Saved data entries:
lemma has_sum_tendsto_to_nat_partial_sums:
  fixes t :: "'b::countable \<Rightarrow> 'c::{comm_monoid_add, topological_space}"
  assumes "(t has_sum s) UNIV"
  shows "(\<lambda>N. \<Sum>b\<in>{b. to_nat b < N}. t b) \<longlonglongrightarrow> s"
  using assms unfolding has_sum_def by (rule filterlim_compose[OF _ filterlim_to_nat_less_finite_subsets])

definition partial_expansion ::
    "('b::countable \<Rightarrow> real \<Rightarrow> complex) \<Rightarrow> (real \<Rightarrow> complex) \<Rightarrow> nat \<Rightarrow> real \<Rightarrow> complex" where
  "partial_expansion B f N x = (\<Sum>b\<in>{b. to_nat b < N}. ip f (B b) * B b x)"

lemma sq_int_partial_expansion:
  "orthonormal_system B \<Longrightarrow> sq_int (partial_expansion B f N)"
  unfolding partial_expansion_def[abs_def] by (intro sq_int_lincomb) (auto simp: orthonormal_systemD)

lemma ip_partial_expansion:
  assumes "orthonormal_system B" "to_nat b < N"
  shows "ip (partial_expansion B f N) (B b) = ip f (B b)"
  using ip_lincomb_orthonormal[OF assms(1) finite_to_nat_less] assms(2)
  unfolding partial_expansion_def[abs_def] by simp

lemma sqnorm_partial_expansion_diff:
  assumes "orthonormal_system B" "j \<le> i"
  shows "sqnorm (\<lambda>x. partial_expansion B f i x - partial_expansion B f j x)
    = (\<Sum>b\<in>{b. to_nat b < i}. (cmod (ip f (B b)))\<^sup>2) - (\<Sum>b\<in>{b. to_nat b < j}. (cmod (ip f (B b)))\<^sup>2)"
proof -
  have sub: "{b. to_nat b < j} \<subseteq> {b. to_nat b < i}"
    using assms(2) by auto
  have "sqnorm (\<lambda>x. partial_expansion B f i x - partial_expansion B f j x)
      = sqnorm (\<lambda>x. \<Sum>b\<in>{b. to_nat b < i} - {b. to_nat b < j}. ip f (B b) * B b x)"
    unfolding partial_expansion_def by (simp add: sum_diff[OF finite_to_nat_less sub])
  also have "\<dots> = (\<Sum>b\<in>{b. to_nat b < i} - {b. to_nat b < j}. (cmod (ip f (B b)))\<^sup>2)"
    by (rule sqnorm_lincomb_orthonormal[OF assms(1) finite_Diff[OF finite_to_nat_less]])
  finally show ?thesis
    by (simp add: sum_diff[OF finite_to_nat_less sub])
qed

lemma partial_expansion_Cauchy:
  fixes B :: "'b::countable \<Rightarrow> real \<Rightarrow> complex"
  assumes ons: "orthonormal_system B" and f: "sq_int f" and "e > 0"
  shows "\<exists>N. \<forall>i\<ge>N. \<forall>j\<ge>N. sqnorm (\<lambda>x. partial_expansion B f i x - partial_expansion B f j x) < e"
proof -
  define \<sigma> where "\<sigma> N = (\<Sum>b\<in>{b. to_nat b < N}. (cmod (ip f (B b)))\<^sup>2)" for N
  have "Cauchy \<sigma>"
    using has_sum_tendsto_to_nat_partial_sums[OF bessel_summable[OF ons f, THEN has_sum_infsum]]
    unfolding \<sigma>_def by (rule LIMSEQ_imp_Cauchy)
  then obtain N where N: "\<And>i j. i \<ge> N \<Longrightarrow> j \<ge> N \<Longrightarrow> dist (\<sigma> i) (\<sigma> j) < e"
    using \<open>e > 0\<close> unfolding Cauchy_def by blast
  have "sqnorm (\<lambda>x. partial_expansion B f i x - partial_expansion B f j x) \<le> dist (\<sigma> i) (\<sigma> j)"
    for i j
  proof (cases "j \<le> i")
    case True
    then show ?thesis
      using sqnorm_partial_expansion_diff[OF ons True] by (simp add: \<sigma>_def dist_real_def)
  next
    case False
    then have "sqnorm (\<lambda>x. partial_expansion B f i x - partial_expansion B f j x) = \<sigma> j - \<sigma> i"
      using sqnorm_partial_expansion_diff[OF ons, of i j]
        sqnorm_diff_commute[of "partial_expansion B f i" "partial_expansion B f j"]
      by (simp add: \<sigma>_def)
    then show ?thesis
      by (simp add: dist_real_def)
  qed
  with N show ?thesis
    by (meson order_le_less_trans)
qed

lemma AE_eq_limit_partial_expansion:
  fixes B :: "'b::countable \<Rightarrow> real \<Rightarrow> complex"
  assumes ons: "orthonormal_system B" and cpl: "complete_system B"
    and f: "sq_int f" and g: "sq_int g"
    and lim: "(\<lambda>N. sqnorm (\<lambda>x. g x - partial_expansion B f N x)) \<longlonglongrightarrow> 0"
  shows "AE x in lborel. f x - g x = 0"
proof -
  have "ip g (B b) = ip f (B b)" for b
  proof -
    have "(\<lambda>N. ip (\<lambda>x. g x - partial_expansion B f N x) (B b)) \<longlonglongrightarrow> 0"
      using ons by (intro ip_tendsto_zero sq_int_diff g sq_int_partial_expansion lim orthonormal_systemD)
    moreover have "\<forall>\<^sub>F N in sequentially. ip (\<lambda>x. g x - partial_expansion B f N x) (B b) = ip g (B b) - ip f (B b)"
      using eventually_gt_at_top[of "to_nat b"]
    proof eventually_elim
      case (elim N)
      then show ?case
        using ons g by (simp add: ip_diff_left sq_int_partial_expansion orthonormal_systemD ip_partial_expansion)
    qed
    ultimately have "(\<lambda>N. ip g (B b) - ip f (B b)) \<longlonglongrightarrow> 0"
      by (rule Lim_transform_eventually)
    then show ?thesis
      by (simp add: LIMSEQ_const_iff)
  qed
  then have "ip (\<lambda>x. f x - g x) (B b) = 0" for b
    by (simp add: ip_diff_left f g orthonormal_systemD[OF ons])
  then show ?thesis
    using cpl sq_int_diff[OF f g] unfolding complete_system_def by blast
qed

lemma partial_expansion_tendsto:
  fixes B :: "'b::countable \<Rightarrow> real \<Rightarrow> complex"
  assumes ons: "orthonormal_system B" and cpl: "complete_system B" and f: "sq_int f"
  shows "(\<lambda>N. sqnorm (\<lambda>x. f x - partial_expansion B f N x)) \<longlonglongrightarrow> 0"
proof -
  obtain g where g: "sq_int g" and lim: "(\<lambda>N. sqnorm (\<lambda>x. g x - partial_expansion B f N x)) \<longlonglongrightarrow> 0"
    using sq_int_complete[OF sq_int_partial_expansion[OF ons] partial_expansion_Cauchy[OF ons f]] by blast
  have "AE x in lborel. f x - g x = 0"
    by (rule AE_eq_limit_partial_expansion[OF ons cpl f g lim])
  then have "sqnorm (\<lambda>x. f x - partial_expansion B f N x) = sqnorm (\<lambda>x. g x - partial_expansion B f N x)" for N
    unfolding sqnorm_def
    by (intro integral_cong_AE borel_measurable_integrable sq_intD(2) sq_int_diff f g
        sq_int_partial_expansion[OF ons])
      (auto elim!: AE_mp)
  with lim show ?thesis
    by simp
qed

» WHAT YOU SHOULD DO:
In the data above, start at the line that has "by (simp add: dist_real_def)", stop after the line that has "using ons by", and print every line in between exactly as it stands.

» EXERCISE SOLUTION:
      by (simp add: dist_real_def)
  qed
  with N show ?thesis
    by (meson order_le_less_trans)
qed

lemma AE_eq_limit_partial_expansion:
  fixes B :: "'b::countable \<Rightarrow> real \<Rightarrow> complex"
  assumes ons: "orthonormal_system B" and cpl: "complete_system B"
    and f: "sq_int f" and g: "sq_int g"
    and lim: "(\<lambda>N. sqnorm (\<lambda>x. g x - partial_expansion B f N x)) \<longlonglongrightarrow> 0"
  shows "AE x in lborel. f x - g x = 0"
proof -
  have "ip g (B b) = ip f (B b)" for b
  proof -
    have "(\<lambda>N. ip (\<lambda>x. g x - partial_expansion B f N x) (B b)) \<longlonglongrightarrow> 0"
      using ons by (intro ip_tendsto_zero sq_int_diff g sq_int_partial_expansion lim orthonormal_systemD)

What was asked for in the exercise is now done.